Can you tell us a bit more about your experiences?

Cheers and welcome to BB!

🙂

Hanna3
Community Member

I wanted to add that recently I was driving down a busy street here and some kids were skateboarding in the traffic and I nipped my horn to warn them as I was worried I might hit them, and they came over and spat all over my car. Luckily I had the windows up!

I think kids like this come from troubled homes and families. There are parents here who are bad role models.

I remember in another city once I met a lot of kids who came from a women's refuge. I've never come across such angry, depressed young people. I wonder what terrible things they had been exposed to in their young lives. They were primary school age!

I think we need to be worried about the poverty I see in this town. There is a huge gap between rich and poor here. Some of the schools are not the best.

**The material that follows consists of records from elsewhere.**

definition ipair :: "nat \<Rightarrow> real \<Rightarrow> kpoly \<Rightarrow> kpoly \<Rightarrow> complex" where
  "ipair n Q a b = euler n Q a b + euler n Q b a"

definition Tcls :: "nat \<Rightarrow> kpoly" where
  "Tcls n = Lvar 1 + Lvar 2 + Lvar 3 - Lvar 1 ^ (n - 2) - 1"

definition sigma :: "nat \<Rightarrow> kpoly \<Rightarrow> kpoly" where
  "sigma n f = Tcls n * f"

definition kappa :: "nat \<Rightarrow> nat" where
  "kappa n = 2 * (n - 2)"

definition beta0 :: "nat \<Rightarrow> kpoly \<Rightarrow> kpoly" where
  "beta0 n b = cst (1 / of_nat (kappa n)) * (\<Sum>s<kappa n. (sigma n ^^ s) b)"

definition beta_tw :: "nat \<Rightarrow> kpoly \<Rightarrow> kpoly" where
  "beta_tw n b = b - beta0 n b"

definition eta :: "nat \<Rightarrow> nat \<Rightarrow> complex" where
  "eta n j = exp (2 * of_real pi * \<i> / of_nat (ord_a n j))"

end

theory Submission
  imports Defs
begin

(* The characters rk and chi_{j,p} are ring homomorphisms K (x) C -> C sending T to 1 and to the
   root of unity exp(-2 pi i p / a_j) respectively. Since a_j divides kappa, averaging over sigma^s,
   s < kappa, kills rk and leaves every chi_{j,p} unchanged; hence sigma^s(beta_tw) has rank 0 and
   chi_{j,a_j-p}(sigma^s(beta_tw)) = eta_j^(ps) chi_{j,a_j-p}(beta).
   On the pairing side, symmetrizing the Euler pairing cancels the terms involving gamma, and in each twisted sector the reflection formula Gamma(x) Gamma(1-x) = pi / sin(pi x)
   together with exp(pi i (x - 1/2)) + exp(pi i (1/2 - x)) = 2 sin(pi x), x = p/a_j, gives
   (a|b) = rk(a) rk(b) / (n-2) + sum_{j,p} chi_{j,p}(a) chi_{j,a_j-p}(b) / a_j. *)

locale comm_ring_hom =
  fixes hom :: "'a::comm_ring_1 \<Rightarrow> 'b::comm_ring_1"
  assumes hom_add: "hom (x + y) = hom x + hom y"
    and hom_mult: "hom (x * y) = hom x * hom y"
    and hom_one: "hom 1 = 1"
begin

lemma hom_zero: "hom 0 = 0"
  using hom_add[of 0 0] by simp

lemma hom_diff: "hom (x - y) = hom x - hom y"
  using hom_add[of "x - y" y] by (simp add: algebra_simps)

lemma hom_power: "hom (x ^ k) = hom x ^ k"
  by (induction k) (simp_all add: hom_one hom_mult)

lemma hom_sum: "hom (\<Sum>i\<in>A. f i) = (\<Sum>i\<in>A. hom (f i))"
  by (induction A rule: infinite_finite_induct) (simp_all add: hom_zero hom_add)

lemma map_poly_hom_add: "map_poly hom (p + q) = map_poly hom p + map_poly hom q"
  by (rule poly_eqI) (simp add: coeff_map_poly hom_zero hom_add)

lemma map_poly_hom_mult: "map_poly hom (p * q) = map_poly hom p * map_poly hom q"
proof (induction p rule: pCons_induct)
  case (pCons a p)
  have "map_poly hom (pCons a p * q) = smult (hom a) (map_poly hom q) + pCons 0 (map_poly hom (p * q))"
    by (simp add: map_poly_hom_add map_poly_smult hom_zero hom_mult map_poly_pCons)
  with pCons.IH show ?case
    by (simp add: map_poly_pCons hom_zero algebra_simps)
qed (simp add: hom_zero)

lemma comm_ring_hom_poly_map_poly: "comm_ring_hom (\<lambda>p. poly (map_poly hom p) x)"
  by unfold_locales (simp_all add: map_poly_hom_add map_poly_hom_mult hom_one hom_zero)

end

lemma comm_ring_hom_poly: "comm_ring_hom (\<lambda>p. poly p x)"
  by unfold_locales simp_all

I wish there was more opportunity for young people who perhaps have some behaviour issues to mix with older people who want to talk with them and listen to their concerns and use our life experiences to try to support and guide them a bit more - and offer them friendship and not judgement or condemnation.

I wonder how we could do this. I would love to do this.

Any thoughts? I'd be interested to hear from you.

🙂

Hanna3
Community Member

The more I think about it, the more I think we older folk should be more involved in supporting and mentoring young people. Think of the benefits to both young and old if we could do this!

I'd love to have more involvement with young people! Unfortunately covid has made things really difficult.

You've got me on a roll here! How can we get more involved in helping young people so we can try to help them grow into decent adults and have a good life?

This could be a really important discussion here!

I'd be really interested in people's thoughts.